• [Required action]:
In the records below, find each line holding the word "close" and copy it.

Provided material Start Marker

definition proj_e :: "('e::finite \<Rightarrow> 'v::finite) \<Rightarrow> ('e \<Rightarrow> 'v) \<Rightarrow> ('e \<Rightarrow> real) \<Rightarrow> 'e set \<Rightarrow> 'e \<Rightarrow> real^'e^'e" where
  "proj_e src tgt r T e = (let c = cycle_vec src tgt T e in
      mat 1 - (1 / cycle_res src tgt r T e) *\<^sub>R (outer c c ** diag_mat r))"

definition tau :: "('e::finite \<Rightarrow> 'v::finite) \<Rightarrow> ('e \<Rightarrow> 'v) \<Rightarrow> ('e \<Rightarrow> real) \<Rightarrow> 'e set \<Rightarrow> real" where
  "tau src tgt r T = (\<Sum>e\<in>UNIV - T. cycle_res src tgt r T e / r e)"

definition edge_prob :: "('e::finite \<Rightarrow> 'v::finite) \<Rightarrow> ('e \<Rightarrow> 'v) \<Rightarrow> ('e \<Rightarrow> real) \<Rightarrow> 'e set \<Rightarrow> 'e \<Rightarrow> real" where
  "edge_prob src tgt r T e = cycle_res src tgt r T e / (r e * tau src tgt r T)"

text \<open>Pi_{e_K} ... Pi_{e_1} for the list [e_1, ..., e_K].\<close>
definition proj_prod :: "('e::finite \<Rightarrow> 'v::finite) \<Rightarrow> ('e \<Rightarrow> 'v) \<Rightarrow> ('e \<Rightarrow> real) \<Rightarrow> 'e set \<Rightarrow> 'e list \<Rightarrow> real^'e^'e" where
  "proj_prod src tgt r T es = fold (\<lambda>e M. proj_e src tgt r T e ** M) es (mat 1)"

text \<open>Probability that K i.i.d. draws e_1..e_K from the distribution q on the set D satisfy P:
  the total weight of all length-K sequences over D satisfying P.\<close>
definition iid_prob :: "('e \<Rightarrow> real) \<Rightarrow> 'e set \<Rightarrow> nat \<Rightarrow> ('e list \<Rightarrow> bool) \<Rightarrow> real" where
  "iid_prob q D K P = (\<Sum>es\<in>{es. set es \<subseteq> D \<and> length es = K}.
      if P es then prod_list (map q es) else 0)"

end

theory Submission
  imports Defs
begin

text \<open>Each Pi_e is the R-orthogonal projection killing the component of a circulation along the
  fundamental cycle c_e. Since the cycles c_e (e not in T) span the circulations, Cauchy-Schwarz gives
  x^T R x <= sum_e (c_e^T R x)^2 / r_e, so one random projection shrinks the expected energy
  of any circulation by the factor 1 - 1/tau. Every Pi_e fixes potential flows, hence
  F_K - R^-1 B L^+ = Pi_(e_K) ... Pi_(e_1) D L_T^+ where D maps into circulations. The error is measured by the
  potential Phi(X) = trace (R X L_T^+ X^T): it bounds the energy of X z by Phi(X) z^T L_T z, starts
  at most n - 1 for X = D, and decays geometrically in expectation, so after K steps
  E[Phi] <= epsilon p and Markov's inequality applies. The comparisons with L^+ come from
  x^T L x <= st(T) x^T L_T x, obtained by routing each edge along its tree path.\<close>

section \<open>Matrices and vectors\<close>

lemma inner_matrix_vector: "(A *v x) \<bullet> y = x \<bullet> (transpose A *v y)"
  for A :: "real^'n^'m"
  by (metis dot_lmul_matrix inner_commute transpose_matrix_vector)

Provided material End Marker
Provided material Start Marker

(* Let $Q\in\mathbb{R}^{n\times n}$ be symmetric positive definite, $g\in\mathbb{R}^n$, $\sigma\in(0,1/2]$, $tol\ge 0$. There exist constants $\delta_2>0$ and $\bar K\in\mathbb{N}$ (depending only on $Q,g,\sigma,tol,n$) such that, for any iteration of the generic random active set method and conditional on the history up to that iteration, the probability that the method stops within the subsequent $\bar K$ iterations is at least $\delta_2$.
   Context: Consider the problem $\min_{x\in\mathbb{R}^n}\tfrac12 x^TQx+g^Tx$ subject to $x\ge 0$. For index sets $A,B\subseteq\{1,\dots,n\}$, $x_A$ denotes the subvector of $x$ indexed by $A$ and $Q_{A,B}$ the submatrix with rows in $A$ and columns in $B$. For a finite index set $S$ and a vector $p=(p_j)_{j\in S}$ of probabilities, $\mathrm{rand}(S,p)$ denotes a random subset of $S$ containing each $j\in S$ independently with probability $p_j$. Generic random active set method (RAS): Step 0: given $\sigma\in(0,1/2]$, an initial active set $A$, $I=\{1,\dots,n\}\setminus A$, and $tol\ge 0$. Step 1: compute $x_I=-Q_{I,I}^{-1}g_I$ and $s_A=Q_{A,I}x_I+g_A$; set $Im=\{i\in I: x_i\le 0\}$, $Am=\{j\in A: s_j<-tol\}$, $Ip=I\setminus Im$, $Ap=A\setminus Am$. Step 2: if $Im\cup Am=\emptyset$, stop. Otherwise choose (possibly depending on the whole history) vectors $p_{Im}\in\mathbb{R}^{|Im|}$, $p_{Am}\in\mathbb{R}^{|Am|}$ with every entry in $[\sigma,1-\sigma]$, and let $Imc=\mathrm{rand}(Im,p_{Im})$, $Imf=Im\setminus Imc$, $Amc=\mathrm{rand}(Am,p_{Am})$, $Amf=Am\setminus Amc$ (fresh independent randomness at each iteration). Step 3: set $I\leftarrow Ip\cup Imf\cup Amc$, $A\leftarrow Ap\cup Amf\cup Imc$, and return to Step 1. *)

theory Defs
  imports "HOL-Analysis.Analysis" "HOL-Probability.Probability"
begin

Provided material End Marker

• [Solved exercise]:
text \<open>Pi_{e_K} ... Pi_{e_1} for the list [e_1, ..., e_K].\<close>
  the total weight of all length-K sequences over D satisfying P.\<close>
  x^T L x <= st(T) x^T L_T x, obtained by routing each edge along its tree path.\<close>
section \<open>Matrices and vectors\<close>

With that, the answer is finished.